text \<open>Dual representation: (rho*(X) xi)(w) = - xi(rho(X) w).\<close>
definition rho_dual :: "('k \<Rightarrow> 'v::euclidean_space \<Rightarrow> 'v) \<Rightarrow> 'k \<Rightarrow> 'v \<Rightarrow> 'v" where
  "rho_dual \<rho> X v = - adjoint (\<rho> X) v"

definition St :: "('k \<Rightarrow> 'v::euclidean_space \<Rightarrow> 'v) \<Rightarrow> 'v \<Rightarrow> 'k set" where
  "St \<rho> v = {X. rho_dual \<rho> X v = 0}"

definition annihilator :: "'k::euclidean_space set \<Rightarrow> 'k set" where
  "annihilator S = {L. \<forall>X\<in>S. L \<bullet> X = 0}"

text \<open>Restriction map k* \<rightarrow> S* for a subspace S; S* is identified with S, so the
  restriction of M is represented by the unique p \<in> S with (M - p) vanishing on S.\<close>
definition restr :: "'k::euclidean_space set \<Rightarrow> 'k \<Rightarrow> 'k" where
  "restr S M = (THE p. p \<in> S \<and> (\<forall>X\<in>S. (M - p) \<bullet> X = 0))"

inductive polyfun :: "('a::euclidean_space \<Rightarrow> real) \<Rightarrow> bool" where
  pconst: "polyfun (\<lambda>x. c)"
| plin: "polyfun (\<lambda>x. a \<bullet> x)"
| padd: "polyfun f \<Longrightarrow> polyfun g \<Longrightarrow> polyfun (\<lambda>x. f x + g x)"
| pmult: "polyfun f \<Longrightarrow> polyfun g \<Longrightarrow> polyfun (\<lambda>x. f x * g x)"

text \<open>Differential df(x) \<in> S** = S of a function on S* (identified with the subspace S),
  at a point x \<in> S.\<close>
definition grad_within :: "('a::euclidean_space \<Rightarrow> real) \<Rightarrow> 'a set \<Rightarrow> 'a \<Rightarrow> 'a" where
  "grad_within f S x = (THE d. d \<in> S \<and> (f has_derivative (\<lambda>h. d \<bullet> h)) (at x within S))"

definition lie_poisson :: "('a::euclidean_space \<Rightarrow> 'a \<Rightarrow> 'a) \<Rightarrow> 'a set \<Rightarrow>
    ('a \<Rightarrow> real) \<Rightarrow> ('a \<Rightarrow> real) \<Rightarrow> 'a \<Rightarrow> real" where
  "lie_poisson br S f g x = x \<bullet> br (grad_within f S x) (grad_within g S x)"

end

theory Submission
  imports Defs
begin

--------------------------------------------------

■ **WHAT YOU ARE ASKED TO DO**: Output only an exact transcription of the lines above from the one with "S \<and> (\<forall>X\<in>S." up to and including the one with "at a point x \<in> S.\<close>".

■ **RESULT FOR THIS TASK**:
  "restr S M = (THE p. p \<in> S \<and> (\<forall>X\<in>S. (M - p) \<bullet> X = 0))"

inductive polyfun :: "('a::euclidean_space \<Rightarrow> real) \<Rightarrow> bool" where
  pconst: "polyfun (\<lambda>x. c)"
| plin: "polyfun (\<lambda>x. a \<bullet> x)"
| padd: "polyfun f \<Longrightarrow> polyfun g \<Longrightarrow> polyfun (\<lambda>x. f x + g x)"
| pmult: "polyfun f \<Longrightarrow> polyfun g \<Longrightarrow> polyfun (\<lambda>x. f x * g x)"

text \<open>Differential df(x) \<in> S** = S of a function on S* (identified with the subspace S),
  at a point x \<in> S.\<close>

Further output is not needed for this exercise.